Sure they work without Erlang VM. A lot of them also do fine without UNIX. That doesn't prove anything or anyone wrong or right.

He simply described his experience in writing a highly distributed system and proved it can be robust. He also did write it in 6 weeks, which I think is a big achievement for any (working) distributed system in any language. But saying he was language hopping because he "[didn't] understand Unix systems programming" is a bit silly. If he claims it made the experience better, I don't understand why you imply he doesn't program in a proper Unix way. He used the right tool for the right job.

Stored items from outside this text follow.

definition chord_diagram :: "nat \<Rightarrow> (nat \<times> nat) set \<Rightarrow> bool" where
  "chord_diagram n C \<longleftrightarrow>
     (\<forall>(a,b)\<in>C. 1 \<le> a \<and> a < b \<and> b \<le> 2*n) \<and>
     (\<forall>k\<in>{1..2*n}. \<exists>!c\<in>C. k = fst c \<or> k = snd c)"

definition crosses :: "nat \<times> nat \<Rightarrow> nat \<times> nat \<Rightarrow> bool" where
  "crosses x y \<longleftrightarrow> (case x of (a,b) \<Rightarrow> case y of (c,d) \<Rightarrow>
      (a < c \<and> c < b \<and> b < d) \<or> (c < a \<and> a < d \<and> d < b))"

definition cross_rel :: "(nat \<times> nat) set \<Rightarrow> ((nat \<times> nat) \<times> (nat \<times> nat)) set" where
  "cross_rel C = {(x,y). x \<in> C \<and> y \<in> C \<and> crosses x y}"

definition num_components :: "(nat \<times> nat) set \<Rightarrow> nat" where
  "num_components C = card (C // ((cross_rel C)\<^sup>*))"

definition indecomposable :: "nat \<Rightarrow> (nat \<times> nat) set \<Rightarrow> bool" where
  "indecomposable n C \<longleftrightarrow> 0 < n \<and>
     \<not> (\<exists>k. 0 < k \<and> k < n \<and> (\<exists>S\<subseteq>C. {1..2*k} = (\<Union>(a,b)\<in>S. {a,b})))"

text \<open>Ordinary generating function of chord diagrams with at most two components
  (empty diagram included).\<close>
definition D_le2 :: "rat fps" where
  "D_le2 = Abs_fps (\<lambda>n. of_nat (card {C. chord_diagram n C \<and> num_components C \<le> 2}))"

definition I0 :: "rat fps" where
  "I0 = Abs_fps (\<lambda>n. of_nat (card {C. chord_diagram n C \<and> indecomposable n C}))"

end

theory Submission
  imports Defs "HOL-Library.Infinite_Set"
begin

text \<open>Let \<open>D\<close> and \<open>C\<close> count all and connected chord diagrams by chords. Cutting a diagram after
  its first indecomposable block gives \<open>I\<^sub>0 D = D - 1\<close>. Removing the component of the chord at the
  first point, whose \<open>2k\<close> endpoints leave \<open>2k\<close> gaps each filled by an arbitrary diagram, gives
  \<open>D = 1 + C(x D\<^sup>2)\<close>; allowing at most one more component, which must then sit in a single
  gap, gives \<open>D\<^sub>\<le>\<^sub>2 = 1 + C + 2 x C C'\<close>. Finally \<open>D = \<Sum> (2n - 1)!! x\<^sup>n\<close> satisfies
  \<open>D - 1 = x D + 2 x\<^sup>2 D'\<close>. With \<open>T = x D\<^sup>2\<close> these identities give \<open>T = x B(T)\<close> and
  \<open>I\<^sub>0 = x / (1 - x B'(T))\<close>.\<close>

section \<open>Perfect matchings of finite sets of points\<close>

definition matching :: "nat set \<Rightarrow> (nat \<times> nat) set \<Rightarrow> bool" where
  "matching P C \<longleftrightarrow> (\<forall>c\<in>C. fst c < snd c \<and> fst c \<in> P \<and> snd c \<in> P) \<and>
     (\<forall>k\<in>P. \<exists>!c\<in>C. k = fst c \<or> k = snd c)"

I agree with you completely; Erlang is indeed the best tool for the job, if you know it well. But my point is that none of the other tools he glossed-over make high-performance server programming impossible; in fact, it's trivial in most of them.

As a matter of fact, Erlang is the only one in that list that has a bondage-and-discipline evaluation model and runtime; all others allow you to interface with native system calls and you will get your requests the instant they arrive and you can process them in $HLL of your choice.

His application domain does not at all suggest a requirement for seamless distribution. A poker server! And if you look closely at the languages of his choice, you see that he didn't have a clear idea; Delphi?

He could have easily "distributed" the application with primitive load balancing. Have a single server handle requests and player signups up to a certain high water mark. I mean, how many players are in a given poker table anyway? Then direct new requests to your standby backup server. Repeat, in round-robin fashion.

By the way, I remember him from comp.lang.lisp; and my memory might have tainted my judgment of the article.

Also, a lot of $HLL programmers have this weird prejudice about C and proper systems programming. They want to do everything in $HLL, down to <insert lowest threshold>. That's silly, C is the native language of most OSes, use it for its power, but only just where necessary.

I wish there was a neat way to keep all game-related code in a more approachable language than Erlang. It would be great to have the difficult bits of the server in Erlang, with the relatively simple game code being maintained in e.g. Java by programmers that don't need to be experts.